Tutorial: Using Speculative Decoding and Quantization to improve Llama-3.1-405B inference performance on Trn2 instances

NeuronX Distributed (NxD) Inference allows you to deploy Llama3.1 405B on a single Trn2 instance. This tutorial will show you how to optimize inference performance for Llama3.1 405B on a Trn2 instance with speculative decoding and quantization. We will compile and load the model into a VLLM server and measure performance using LLMPerf. This tutorial consists of two parts. In the first part, we will collect performance metrics for our base configuration with bf16 model weights. In the second part, we will optimize inference performance with fp8 quantized weights and speculative decoding. The performance is then compared with the results from part 1.

Prerequisites

Set up and connect to a Trn2.48xlarge instance

As a prerequisite, this tutorial requires that you have a Trn2 instance created from a Deep Learning AMI that has the Neuron SDK pre-installed.

To set up a Trn2 instance using Deep Learning AMI with pre-installed Neuron SDK, see NxD Inference Setup Guide.

After setting up an instance, use SSH to connect to the Trn2 instance using the key pair that you chose when you launched the instance.

After you are connected, activate the Python virtual environment that includes the Neuron SDK.

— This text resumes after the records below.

(* Let $n\ge 3$ and let $N$ be a nontrivial normal subgroup of $B_n$ with $N\cap B_{n-1}=\{1\}$. If the restriction of the Dehornoy ordering to $N$ is discrete (i.e. $N$ has a least positive element), then that least positive element lies in $C(n)$, the centralizer of $B_{n-1}$ in $B_n$.
   Context: $B_n$ is the Artin braid group with generators $\sigma_1,\dots,\sigma_{n-1}$; $B_{m}\subset B_n$ for $m\le n$ via $\sigma_i\mapsto\sigma_i$. A word in the generators is $i$-positive (resp. $i$-negative) if it contains only $\sigma_1,\dots,\sigma_i$ and their inverses, $\sigma_i$ occurs, and every occurrence of $\sigma_i$ has positive (resp. negative) exponent; a braid is $i$-positive if some representative word is. The Dehornoy ordering is the left-invariant total order on $B_n$ whose positive cone consists of all braids that are $i$-positive for some $i$. For $r\ge 2$, $C(r)$ denotes the centralizer of $B_{r-1}$ in $B_r$. *)

theory Defs
  imports "HOL-Algebra.Coset"
begin

text \<open>Braid words: a letter (i, True) is sigma_i, (i, False) is sigma_i inverse (i \<ge> 1).\<close>
type_synonym bword = "(nat \<times> bool) list"

definition gens_in :: "nat \<Rightarrow> bword \<Rightarrow> bool" where
  "gens_in n w \<longleftrightarrow> (\<forall>(i, e) \<in> set w. 1 \<le> i \<and> i < n)"

inductive braid_step :: "bword \<Rightarrow> bword \<Rightarrow> bool" where
  free: "braid_step (u @ [(i, e), (i, \<not> e)] @ v) (u @ v)"
| comm: "i + 2 \<le> j \<or> j + 2 \<le> i \<Longrightarrow>
         braid_step (u @ [(i, e), (j, f)] @ v) (u @ [(j, f), (i, e)] @ v)"
| braid: "i = j + 1 \<or> j = i + 1 \<Longrightarrow>
         braid_step (u @ [(i, True), (j, True), (i, True)] @ v) (u @ [(j, True), (i, True), (j, True)] @ v)"

definition braid_move :: "nat \<Rightarrow> bword \<Rightarrow> bword \<Rightarrow> bool" where
  "braid_move n u w \<longleftrightarrow> gens_in n u \<and> gens_in n w \<and> (braid_step u w \<or> braid_step w u)"

definition braid_rel :: "nat \<Rightarrow> (bword \<times> bword) set" where
  "braid_rel n = {(u, w). gens_in n u \<and> (braid_move n)\<^sup>*\<^sup>* u w}"

definition braid_cls :: "nat \<Rightarrow> bword \<Rightarrow> bword set" where
  "braid_cls n w = braid_rel n `` {w}"

definition braid_group :: "nat \<Rightarrow> bword set monoid" where
  "braid_group n = \<lparr> carrier = {w. gens_in n w} // braid_rel n,
     mult = (\<lambda>X Y. \<Union>x\<in>X. \<Union>y\<in>Y. braid_cls n (x @ y)),
     one = braid_cls n [] \<rparr>"

definition sub_braid :: "nat \<Rightarrow> nat \<Rightarrow> bword set set" where
  "sub_braid n m = {braid_cls n w | w. gens_in m w}"

definition i_positive :: "nat \<Rightarrow> bword \<Rightarrow> bool" where
  "i_positive i w \<longleftrightarrow> gens_in (i + 1) w \<and> (i, True) \<in> set w \<and> (i, False) \<notin> set w"

definition dehornoy_pos :: "nat \<Rightarrow> bword set \<Rightarrow> bool" where
  "dehornoy_pos n x \<longleftrightarrow> x \<in> carrier (braid_group n) \<and> (\<exists>w\<in>x. \<exists>i\<ge>1. i_positive i w)"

source ~/aws_neuronx_venv_pytorch_2_5_nxd_inference/bin/activate

Run pip list to verify that the Neuron SDK is installed.

pip list | grep neuron

You should see Neuron packages including neuronx-distributed-inference and neuronx-cc.

Install packages

NxD Inference supports running models with vLLM. This functionality is available in a fork of the vLLM GitHub repository:

• aws-neuron/upstreaming-to-vllm

To run NxD Inference with vLLM, you need to download and install vLLM from this fork. Clone the Neuron vLLM fork.

git clone -b neuron-2.22-vllm-v0.7.2 https://github.com/aws-neuron/upstreaming-to-vllm.git

Make sure to activate the Neuron virtual environment if using a new terminal instead of the one from connect step above.

source ~/aws_neuronx_venv_pytorch_2_5_nxd_inference/bin/activate

Install the Neuron vLLM fork into the virtual environment.

cd upstreaming-to-vllm
pip install -r requirements-neuron.txt
VLLM_TARGET_DEVICE="neuron" pip install -e .
cd ..

In this tutorial, you will use llmperf to measure the inference performance of the base Llama-3.1-405b-Instruct configuration and the more optimized configuration. We will use the load test feature of LLMPerf and measure the performance for accepting 10,000 tokens as input and generating 1500 tokens as output. Install llmperf into the virtual environment.

git clone https://github.com/ray-project/llmperf.git
cd llmperf
pip install -e .

Download models

To run inference in the first part of the tutorial, you need to download the Llama-3.1-405b-Instruct model checkpoint with bf16 weights from Hugging Face (meta-llama/Llama-3.1-405B-Instruct). For the second part of the tutorial, you will run a more optimized inference configuration. For this part, you need to download an fp8-quantized Llama3.1-405B-FP8 model checkpoint (meta-llama/Llama-3.1-405B-Instruct-FP8). With Speculative Decoding, you will also need to specify a draft model. You can download and use the model checkpoint from meta-llama/Llama-3.2-1B-Instruct. For more information, see Downloading models in the Hugging Face documentation.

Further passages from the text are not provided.